The Tyrolean data set consists of station Elbögen located in the Wipp valley, an area well known for south foehn events. The second station called Sattelberg is located 18km (11.5mi) south of Ellbögen close to the main alpine ridge and is used as upstream crest station.

  • Ellbögen: 11.42889 E/47.18694 N, 1080 meters above mean sea level

  • Sattelberg: 11.47889 E/47.01083 N, 2107 meters above mean sea level

Hourly time series objects (class 'zoo'; UTC) including the following variables:

  • dd: wind direction in degrees, meteorological format (0/360 correspond to 'wind from north', 90 to 'wind from east', 180 'wind from south', and 270 'wind from west')

  • ff: wind speed in meters per second

  • p: station pressure in hectopascal

  • rh: relative humidity in percent

  • t: dry air temperature in degrees Celsius

The Californian data sets consist of two stations located in the southern part of the state.
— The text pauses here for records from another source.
(* Consider the spectral triple $(C^\infty(S^2_q),\ell^2(\mathbb{Z}_+)\oplus\ell^2(\mathbb{Z}_+),D')$ and let $B$ be the algebra generated by $C^\infty(S^2_q)$ and the commutators $[D',x]$, $x\in C^\infty(S^2_q)$ (so $B\subset A^\infty\otimes\mathrm{Mat}_2(\mathbb{C})$). For $T\in B$ let $\zeta_T(s)=\mathrm{Trace}_{\ell^2(\mathbb{Z}_+)\oplus\ell^2(\mathbb{Z}_+)}(T|D'|^{-s})$. Then the dimension spectrum of the triple is $\{1\}$, and for all $T\in B$, $$\mathrm{Res}_{s=1}\zeta_T(s)=\frac{1}{2\pi}\int_{S^1}\mathrm{Trace}_{\mathbb{C}^2}\tilde\rho(T)\,\mathrm{d}\theta,$$ where $\tilde\rho=\sigma\otimes\mathrm{id}:A^\infty\otimes\mathrm{Mat}_2(\mathbb{C})\to C^\infty(S^1)\otimes\mathrm{Mat}_2(\mathbb{C})$.
   Context: $\mathbb{N}=\{0,1,2,\dots\}$, $\mathbb{Z}_+=\{1,2,\dots\}$. On $\ell^2(\mathbb{Z}_+)$ with orthonormal basis $\{|n\rangle\}$, $N|n\rangle=n|n\rangle$, $w|n\rangle=|n+1\rangle$. $A^\infty$ is the $*$-algebra of operators $f=\sum_{n\in\mathbb{N}}(f_nw^n+f_{-n-1}(w^* )^{n+1})+\sum_{j,k\in\mathbb{N}}f_{jk}w^j(1-ww^* )(w^* )^k$ with $\{f_n\}_{n\in\mathbb{Z}}$ a rapid decay sequence and $\{f_{jk}\}$ a rapid decay matrix, and $\sigma(f)(\theta)=\sum_nf_ne^{in\theta}$. $C^\infty(S^2_q)=\{(x,y)\in A^\infty\oplus A^\infty:\sigma(x)=\sigma(y)\}$ acting diagonally on $\ell^2(\mathbb{Z}_+)\oplus\ell^2(\mathbb{Z}_+)\cong\ell^2(\mathbb{Z}_+)\otimes\mathbb{C}^2$, and $D'=N\otimes\begin{pmatrix}0&1\\1&0\end{pmatrix}$, so $|D'|=N\otimes\mathrm{id}$. With $\delta=[|D'|,\cdot]$, the triple has dimension spectrum $\Sigma$ if $\Sigma$ is countable and for every $T\in\bigcup_j\delta^j(C^\infty(S^2_q)\cup[D',C^\infty(S^2_q)])$, $\zeta_T$ extends meromorphically to $\mathbb{C}$ with poles only in $\Sigma$ ($\Sigma$ minimal). *)

theory Defs
  imports "HOL-Complex_Analysis.Complex_Analysis"
begin

text \<open>Operators on l2(Z_+) are represented by their matrices w.r.t. the basis |n>, n >= 1;
  the natural number k indexes the basis vector |k+1>.  So op k l = <k+1| op |l+1>.\<close>

type_synonym op1 = "nat \<Rightarrow> nat \<Rightarrow> complex"

text \<open>Operators on l2(Z_+) (x) C^2: index (k, a) with a = False / True the first / second summand.\<close>

type_synonym op2 = "nat \<times> bool \<Rightarrow> nat \<times> bool \<Rightarrow> complex"

definition rapid_decay_seq :: "(int \<Rightarrow> complex) \<Rightarrow> bool" where
  "rapid_decay_seq g \<longleftrightarrow> (\<forall>p::nat. \<exists>C. \<forall>n. (1 + real_of_int \<bar>n\<bar>) ^ p * norm (g n) \<le> C)"

definition rapid_decay_mat :: "(nat \<Rightarrow> nat \<Rightarrow> complex) \<Rightarrow> bool" where
  "rapid_decay_mat h \<longleftrightarrow> (\<forall>p::nat. \<exists>C. \<forall>j k. (1 + real j + real k) ^ p * norm (h j k) \<le> C)"

text \<open>Matrix of sum_n (f_n w^n + f_(-n-1) w*^(n+1)) + sum_jk f_jk w^j (1 - w w*) w*^k :
  <a+1| w^n |b+1> = [a = b + n],  <a+1| w*^(n+1) |b+1> = [b = a + n + 1],
  <a+1| w^j (1 - w w*) w*^k |b+1> = [a = j][b = k].\<close>

definition toep_op :: "(int \<Rightarrow> complex) \<Rightarrow> (nat \<Rightarrow> nat \<Rightarrow> complex) \<Rightarrow> op1" where
  "toep_op g h = (\<lambda>a b. g (int a - int b) + h a b)"

definition Ainf :: "op1 set" where
  "Ainf = {toep_op g h | g h. rapid_decay_seq g \<and> rapid_decay_mat h}"

text \<open>The Toeplitz coefficients {f_n} of an element of A^infinity (uniquely determined).\<close>

definition symb_coeffs :: "op1 \<Rightarrow> int \<Rightarrow> complex" where
  "symb_coeffs f = (THE g. \<exists>h. rapid_decay_seq g \<and> rapid_decay_mat h \<and> f = toep_op g h)"

definition sigma :: "op1 \<Rightarrow> real \<Rightarrow> complex" where
  "sigma f \<theta> = (\<Sum>\<^sub>\<infinity>n\<in>(UNIV::int set). symb_coeffs f n * cis (of_int n * \<theta>))"

definition diag_op :: "op1 \<Rightarrow> op1 \<Rightarrow> op2" where
  "diag_op x y = (\<lambda>(m, a) (n, b). if a = b then (if a then y m n else x m n) else 0)"

definition CS2q :: "op2 set" where
  "CS2q = {diag_op x y | x y. x \<in> Ainf \<and> y \<in> Ainf \<and> sigma x = sigma y}"

text \<open>D' = N (x) [[0,1],[1,0]] and |D'| = N (x) id.\<close>

definition Dp :: op2 where
  "Dp = (\<lambda>(m, a) (n, b). if m = n \<and> a \<noteq> b then of_nat (Suc m) else 0)"

definition absDp :: op2 where
  "absDp = (\<lambda>(m, a) (n, b). if m = n \<and> a = b then of_nat (Suc m) else 0)"

definition opmul :: "op2 \<Rightarrow> op2 \<Rightarrow> op2" where
  "opmul A B = (\<lambda>i j. \<Sum>\<^sub>\<infinity>k\<in>UNIV. A i k * B k j)"

definition opcomm :: "op2 \<Rightarrow> op2 \<Rightarrow> op2" where
  "opcomm A B = (\<lambda>i j. opmul A B i j - opmul B A i j)"

definition delta :: "op2 \<Rightarrow> op2" where
  "delta T = opcomm absDp T"

inductive_set alg_gen :: "op2 set \<Rightarrow> op2 set" for G where
  gen: "T \<in> G \<Longrightarrow> T \<in> alg_gen G"
| add: "S \<in> alg_gen G \<Longrightarrow> T \<in> alg_gen G \<Longrightarrow> (\<lambda>i j. S i j + T i j) \<in> alg_gen G"
| smult: "T \<in> alg_gen G \<Longrightarrow> (\<lambda>i j. c * T i j) \<in> alg_gen G"
| mult: "S \<in> alg_gen G \<Longrightarrow> T \<in> alg_gen G \<Longrightarrow> opmul S T \<in> alg_gen G"

definition Balg :: "op2 set" where
  "Balg = alg_gen (CS2q \<union> opcomm Dp ` CS2q)"

text \<open>zeta_T(s) = Trace(T |D'|^(-s)) (defined where the trace series converges, Re s > 1).\<close>

definition zeta_op :: "op2 \<Rightarrow> complex \<Rightarrow> complex" where
  "zeta_op T s = (\<Sum>\<^sub>\<infinity>(k, a)\<in>UNIV. T (k, a) (k, a) * (of_nat (Suc k)) powr (- s))"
Station 'Viejas' is installed next to the Viejas Casino and Resort located in Alpine, CA (valley station), the station 'Lucky Five Ranch' is located 22km (14mi) northwest of the Viejas Casino close to the main ridge of the Sierra Nevada mountain range and is used as the upstream crest station.

  • Viejas Casino and Resort: -116.70437 E/32.84559 N, 715 meters above mean sea level

  • Lucky Five Ranch: -116.528 E/32.9331 N, 1445 meters above mean sea level

Hourly time series objects (class 'zoo'; UTC) including the following variables:

  • air_temp: dry air temperature in degrees Celsius

  • relative_humidity: relative humidity in percent

  • wind_speed: wind speed in meters per second

  • wind_direction: wind direction in degrees, meteorological format (0/360 correspond to 'wind from north', 90 to 'wind from east', 180 'wind from south', and 270 'wind from west')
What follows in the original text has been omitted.